When you should pay off a mortgage early
And more of the week's best financial advice
Here are three of the week's top pieces of financial advice, gathered from around the web:
Paying off a mortgage early"Choosing when to pay off your mortgage is rarely a clear-cut mathematical decision," said Susan Johnston Taylor at U.S. News and World Report. Many experts recommend against paying off a mortgage early, saying it's more efficient to take the tax deduction on mortgage interest and invest the extra money. But for homeowners who take the standard deduction instead of itemizing, that rationale may not apply. Others may also decide the peace of mind gained from paying off the house is worth losing a tax break. But those who are considering paying off the mortgage should tackle their high-interest debt first, like credit cards and student loans. "Paying off a mortgage carrying a rate of 4 percent while carrying a balance on credit cards at 20 percent wouldn't make sense, however tempting it might be to say your home is paid off."

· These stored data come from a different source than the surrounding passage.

lemma linear_lower_bound_of_log_lower_bound:
  fixes x :: "'a::real_normed_vector"
  assumes "k \<ge> 0" "x \<noteq> 0" "- k * ln (norm x) \<le> G x + C + a * norm x"
  shows "- C - (a + k) * norm x \<le> G x"
proof -
  have "ln (norm x) \<le> norm x" using ln_le_minus_one[of "norm x"] assms(2) by simp
  then have "k * ln (norm x) \<le> k * norm x" using assms(1) by (rule mult_left_mono)
  then show ?thesis using assms(3) by (simp add: algebra_simps)
qed

lemma sum_norm_le_energy_plus_const:
  fixes U G :: "'a::real_normed_vector \<Rightarrow> real"
  assumes k: "k \<ge> 0" and a: "a \<ge> 0"
    and G_log: "\<forall>x. x \<noteq> 0 \<longrightarrow> - k * ln (norm x) \<le> G x + C + a * norm x"
    and U_superlinear: "\<forall>b. \<exists>C. \<forall>x. b * norm x \<le> U x + C"
  shows "\<exists>A. \<forall>q. inj_on q {1..N} \<longrightarrow> (\<Sum>i=1..N. norm (q i)) \<le> energy U G N q + A"
proof -
  define b where "b = 2 * real N * (a + k)"
  \<comment> \<open>U pays for the linear lower bound -b S of the pair terms with one S to spare.\<close>
  obtain CU where CU: "\<forall>x. (b + 1) * norm x \<le> U x + CU" using U_superlinear by blast
  have "(\<Sum>i=1..N. norm (q i)) \<le> energy U G N q + (real N * CU + pair_sum N (\<lambda>_ _. C))"
    if q: "inj_on q {1..N}" for q
  proof -
    define S where "S = (\<Sum>i=1..N. norm (q i))"
    have "- C - (a + k) * (norm (q i) + norm (q j)) \<le> G (q i - q j)"
      if "1 \<le> i" "i < j" "j \<le> N" for i j
    proof -
      have nz: "q i - q j \<noteq> 0" using q that by (auto dest: inj_onD)
      have "- C - (a + k) * norm (q i - q j) \<le> G (q i - q j)"
        by (rule linear_lower_bound_of_log_lower_bound[where G = G, OF k nz G_log[rule_format, OF nz]])
      moreover have "(a + k) * norm (q i - q j) \<le> (a + k) * (norm (q i) + norm (q j))"
        using mult_left_mono[OF norm_triangle_ineq4, of "a + k"] a k by simp
      ultimately show ?thesis by linarith
    qed
    then have "pair_sum N (\<lambda>i j. - C - (a + k) * (norm (q i) + norm (q j)))
        \<le> pair_sum N (\<lambda>i j. G (q i - q j))"
      by (rule pair_sum_mono)
    moreover have "pair_sum N (\<lambda>i j. norm (q i) + norm (q j)) \<le> 2 * real N * S"
      unfolding S_def by (rule pair_sum_endpoints_le) simp
    then have "(a + k) * pair_sum N (\<lambda>i j. norm (q i) + norm (q j)) \<le> (a + k) * (2 * real N * S)"
      using a k by (intro mult_left_mono) auto
    then have "(a + k) * pair_sum N (\<lambda>i j. norm (q i) + norm (q j)) \<le> b * S"
      by (simp add: b_def algebra_simps)
    moreover have "pair_sum N (\<lambda>_ _. - C) = - pair_sum N (\<lambda>_ _. C)"
      using pair_sum_cmult[of N "- 1" "\<lambda>_ _. C"] by simp
    moreover have "b * S + S \<le> (\<Sum>i=1..N. U (q i)) + real N * CU"
    proof -
      have "(\<Sum>i=1..N. (b + 1) * norm (q i)) \<le> (\<Sum>i=1..N. U (q i) + CU)"
        using CU by (intro sum_mono) blast
      then show ?thesis by (simp add: S_def sum.distrib sum_distrib_left distrib_right)
    qed
    ultimately show ?thesis
      unfolding energy_def S_def pair_sum_diff pair_sum_cmult by linarith
  qed
  then show ?thesis by blast
qed

lemma neg_log_pair_sum_le_energy:
  fixes U G :: "'a::real_normed_vector \<Rightarrow> real"
  assumes a: "a \<ge> 0"
    and G_log: "\<forall>x. x \<noteq> 0 \<longrightarrow> - k * ln (norm x) \<le> G x + C + a * norm x"
    and U_nonneg: "\<forall>x. 0 \<le> U x" and q: "inj_on q {1..N}"
  shows "- k * pair_sum N (\<lambda>i j. ln (norm (q i - q j)))
    \<le> energy U G N q + pair_sum N (\<lambda>_ _. C) + 2 * real N * a * (\<Sum>i=1..N. norm (q i))"
proof -
  have "- k * ln (norm (q i - q j)) \<le> G (q i - q j) + C + a * (norm (q i) + norm (q j))"
    if "1 \<le> i" "i < j" "j \<le> N" for i j
  proof -
    have "q i - q j \<noteq> 0" using q that by (auto dest: inj_onD)
    moreover have "a * norm (q i - q j) \<le> a * (norm (q i) + norm (q j))"
      using mult_left_mono[OF norm_triangle_ineq4 a] .
    ultimately show ?thesis using G_log[rule_format, of "q i - q j"] by linarith
  qed
  then have "pair_sum N (\<lambda>i j. - k * ln (norm (q i - q j)))
      \<le> pair_sum N (\<lambda>i j. G (q i - q j) + C + a * (norm (q i) + norm (q j)))"
    by (rule pair_sum_mono)
  then have "- k * pair_sum N (\<lambda>i j. ln (norm (q i - q j)))
      \<le> pair_sum N (\<lambda>i j. G (q i - q j)) + pair_sum N (\<lambda>_ _. C)
        + a * pair_sum N (\<lambda>i j. norm (q i) + norm (q j))"
    by (simp only: pair_sum_add pair_sum_cmult)
  moreover have "a * pair_sum N (\<lambda>i j. norm (q i) + norm (q j)) \<le> a * (2 * real N * (\<Sum>i=1..N. norm (q i)))"
    using pair_sum_endpoints_le[of "\<lambda>i. norm (q i)" N] a by (intro mult_left_mono) auto
  moreover have "a * (2 * real N * (\<Sum>i=1..N. norm (q i))) = 2 * real N * a * (\<Sum>i=1..N. norm (q i))"
    by simp
  moreover have "0 \<le> (\<Sum>i=1..N. U (q i))" using U_nonneg by (simp add: sum_nonneg)
  ultimately show ?thesis unfolding energy_def by linarith
qed

lemma sum_norm_minus_log_pair_sum_le_energy:
  fixes U G :: "'a::real_normed_vector \<Rightarrow> real"
  assumes k: "k > 0" and a: "a \<ge> 0" and c: "c \<ge> 0"
    and G_log: "\<forall>x. x \<noteq> 0 \<longrightarrow> - k * ln (norm x) \<le> G x + C + a * norm x"
    and U_nonneg: "\<forall>x. 0 \<le> U x"
    and U_superlinear: "\<forall>b. \<exists>C. \<forall>x. b * norm x \<le> U x + C"
    and energy_ge1: "\<forall>q. inj_on q {1..N} \<longrightarrow> 1 \<le> energy U G N q"
  shows "\<exists>K>0. \<forall>q. inj_on q {1..N} \<longrightarrow>
    (\<Sum>i=1..N. norm (q i)) - c * pair_sum N (\<lambda>i j. ln (norm (q i - q j))) \<le> K * energy U G N q"
proof -
  obtain A where A: "\<forall>q. inj_on q {1..N} \<longrightarrow> (\<Sum>i=1..N. norm (q i)) \<le> energy U G N q + A"
    using sum_norm_le_energy_plus_const[OF less_imp_le[OF k] a G_log U_superlinear] by blast
  define \<alpha> where "\<alpha> = 1 + c / k * (1 + 2 * real N * a)"
  define \<beta> where "\<beta> = A + c / k * (pair_sum N (\<lambda>_ _. C) + 2 * real N * a * A)"
  have "(\<Sum>i=1..N. norm (q i)) - c * pair_sum N (\<lambda>i j. ln (norm (q i - q j)))
      \<le> (\<alpha> + \<bar>\<beta>\<bar>) * energy U G N q" if q: "inj_on q {1..N}" for q
  proof -
    define S where "S = (\<Sum>i=1..N. norm (q i))"
    define E where "E = energy U G N q"
    have S: "S \<le> E + A" using A q unfolding S_def E_def by blast
    have "- k * pair_sum N (\<lambda>i j. ln (norm (q i - q j))) \<le> E + pair_sum N (\<lambda>_ _. C) + 2 * real N * a * (E + A)"
      using neg_log_pair_sum_le_energy[OF a G_log U_nonneg q] S a
        mult_left_mono[OF S, of "2 * real N * a"]
      unfolding S_def E_def by simp
    then have "c / k * (- k * pair_sum N (\<lambda>i j. ln (norm (q i - q j))))
        \<le> c / k * (E + pair_sum N (\<lambda>_ _. C) + 2 * real N * a * (E + A))"
      using c k by (intro mult_left_mono) auto
    moreover have "c / k * (- k * pair_sum N (\<lambda>i j. ln (norm (q i - q j))))
        = - c * pair_sum N (\<lambda>i j. ln (norm (q i - q j)))"
      using k by simp
    moreover have "E + A + c / k * (E + pair_sum N (\<lambda>_ _. C) + 2 * real N * a * (E + A)) = \<alpha> * E + \<beta>"
      unfolding \<alpha>_def \<beta>_def by (simp add: algebra_simps)
    ultimately have "S - c * pair_sum N (\<lambda>i j. ln (norm (q i - q j))) \<le> \<alpha> * E + \<beta>"
      using S by linarith
    moreover have "\<bar>\<beta>\<bar> * 1 \<le> \<bar>\<beta>\<bar> * E"
      using energy_ge1 q unfolding E_def by (intro mult_left_mono) auto
    ultimately show ?thesis unfolding S_def E_def by (simp add: distrib_right)
  qed
  moreover have "\<alpha> + \<bar>\<beta>\<bar> > 0" using k a c unfolding \<alpha>_def by (simp add: add_pos_nonneg)
  ultimately show ?thesis by blast
qed

theorem lemmaA3:
  fixes U G :: "'a::euclidean_space \<Rightarrow> real"
    and N :: nat
    and a1 lam a2 a3 beta1 beta2 a4 a5 a6 :: real
  assumes N: "N \<ge> 2"
    (* Assumption (U) *)
    and U_smooth: "smooth_on UNIV U"
    and U_ge1: "\<forall>q. U q \<ge> 1"
    and a1: "a1 > 0" and lam: "lam \<ge> 1" and a2: "a2 > 0" and a3: "a3 > 0"
    and U_growth: "\<forall>q. norm q powr (lam + 1) / a1 - a1 \<le> \<bar>U q\<bar> \<and>
                        \<bar>U q\<bar> \<le> a1 * (1 + norm q powr (lam + 1))"
    and U_grad: "\<forall>q. norm (grad U q) \<le> a1 * (1 + norm q powr lam)"
    and U_coercive: "\<forall>q. grad U q \<bullet> q \<ge> a2 * norm q powr (lam + 1) - a3"
    (* Assumption (G1) *)
    and G_smooth: "smooth_on (UNIV - {0}) G"
    and G_sing: "filterlim G at_top (at 0)"
    and G_even: "\<forall>q. G (- q) = G q"
    and G_grad_odd: "\<forall>q. q \<noteq> 0 \<longrightarrow> grad G (- q) = - grad G q"
    and beta1: "beta1 \<ge> 1"
    and G_bound: "\<forall>q. q \<noteq> 0 \<longrightarrow> \<bar>G q\<bar> \<le> a1 * (1 + norm q + norm q powr (- beta1))"
    and G_grad_bound: "\<forall>q. q \<noteq> 0 \<longrightarrow> norm (grad G q) \<le> a1 * (1 + norm q powr (- beta1))"
    and beta2: "0 \<le> beta2" "beta2 < beta1"
    and a4: "a4 > 0" and a6: "a6 > 0"
    and G_asym: "\<forall>q. q \<noteq> 0 \<longrightarrow>
        norm (grad G q + (a4 / norm q powr (beta1 + 1)) *\<^sub>R q
                       + (a5 / norm q powr (beta2 + 1)) *\<^sub>R q) \<le> a6"
    (* lower bound of the potential on the configuration space D *)
    and E_ge1: "\<forall>q :: nat \<Rightarrow> 'a. (\<forall>i\<in>{1..N}. \<forall>j\<in>{1..N}. i \<noteq> j \<longrightarrow> q i \<noteq> q j) \<longrightarrow>
        (\<Sum>i=1..N. U (q i)) + (\<Sum>i=1..N. \<Sum>j=i+1..N. G (q i - q j)) \<ge> 1"
  shows "\<exists>cG CG. cG > 0 \<and> CG > 0 \<and>
    (\<forall>q :: nat \<Rightarrow> 'a. (\<forall>i\<in>{1..N}. \<forall>j\<in>{1..N}. i \<noteq> j \<longrightarrow> q i \<noteq> q j) \<longrightarrow>
       CG * ((\<Sum>i=1..N. U (q i)) + (\<Sum>i=1..N. \<Sum>j=i+1..N. G (q i - q j)))
         \<ge> (\<Sum>i=1..N. norm (q i)) - cG * (\<Sum>i=1..N. \<Sum>j=i+1..N. ln (norm (q i - q j)))
     \<and> (\<Sum>i=1..N. norm (q i)) - cG * (\<Sum>i=1..N. \<Sum>j=i+1..N. ln (norm (q i - q j)))
         \<ge> cG * (\<Sum>i=1..N. norm (q i))
           + cG * Max {- ln (norm (q i - q j)) | i j. 1 \<le> i \<and> i < j \<and> j \<le> N})"
proof -
  have inj: "(\<forall>i\<in>{1..N}. \<forall>j\<in>{1..N}. i \<noteq> j \<longrightarrow> q i \<noteq> q j) \<longleftrightarrow> inj_on q {1..N}"
    for q :: "nat \<Rightarrow> 'a"
    by (auto simp: inj_on_def)
  obtain C where G_log: "\<forall>x. x \<noteq> 0 \<longrightarrow> - (a4 / 2) * ln (norm x) \<le> G x + C + a1 * norm x"
    using log_lower_bound_of_G1[OF G_smooth a1 beta1 beta2(2) a4 a6 G_bound G_asym] by blast
  have U_nonneg: "\<forall>x. 0 \<le> U x" using U_ge1 zero_le_one order_trans by blast
  have U_lower: "\<forall>x. norm x powr (lam + 1) / a1 - a1 \<le> U x" using U_growth U_nonneg by force
  have U_superlinear: "\<forall>b. \<exists>C. \<forall>x. b * norm x \<le> U x + C"
    using lam by (intro superlinear_of_powr_lower_bound[OF a1 _ U_lower]) simp
  have energy_ge1: "\<forall>q. inj_on q {1..N} \<longrightarrow> 1 \<le> energy U G N q"
    using E_ge1 unfolding inj energy_def pair_sum_def .
  define cG where "cG = 1 / (2 * real N + 1)"
  have cG: "0 < cG" "(2 * real N + 1) * cG \<le> 1" by (simp_all add: cG_def)
  obtain CG where "CG > 0" and upper: "\<forall>q. inj_on q {1..N} \<longrightarrow>
      (\<Sum>i=1..N. norm (q i)) - cG * pair_sum N (\<lambda>i j. ln (norm (q i - q j))) \<le> CG * energy U G N q"
    using sum_norm_minus_log_pair_sum_le_energy[OF _ a1[THEN less_imp_le] cG(1)[THEN less_imp_le]
        G_log U_nonneg U_superlinear energy_ge1] a4
    by auto
  show ?thesis
    using \<open>CG > 0\<close> cG(1) upper sum_norm_minus_log_pair_sum_ge[OF N _ cG]
    unfolding inj energy_def pair_sum_def by (intro exI[of _ cG] exI[of _ CG]) auto
qed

Reminder: Child care is expensiveParents-to-be dramatically underestimate what they'll have to pay for child care, said Jonnelle Marte at The Washington Post. In a recent survey by personal finance website NerdWallet, 54 percent of people planning to have a baby sometime in the next three years said they expect to spend less than $5,000 a year on care, "barely enough to cover the cost of daycare in most states." Annual child care expenses can cost more than $20,000, depending on where you live. Parents in South Carolina, for example, pay an average of $6,480 for a year of full-time daycare for one infant, compared with an average of $22,660 in Washington, D.C. Would-be parents tend to be overly focused on other anticipated expenses, like car seats and cribs, the survey said. "Only 30 percent listed child care as a spending priority."
Injecting flexibility into 401(k)s"A big part of retirement planning is setting up monthly income for the years after you leave work," said Dan Kadlec at Money. But many 401(k) plans make this difficult for retirees by placing strict rules on how savers make withdrawals. "In some plans, if you want to withdraw anything at all you must take out every dime." Such rules may push retirees who want more flexibility into higher-fee investments with fewer options. The good news is that Congress is considering bipartisan legislation to ease the inflexible distribution rules for the Thrift Savings Plan used by federal employees. This could lead to momentum on changes in the private sector, where only 61 percent of plans at large companies allow people to take monthly distributions.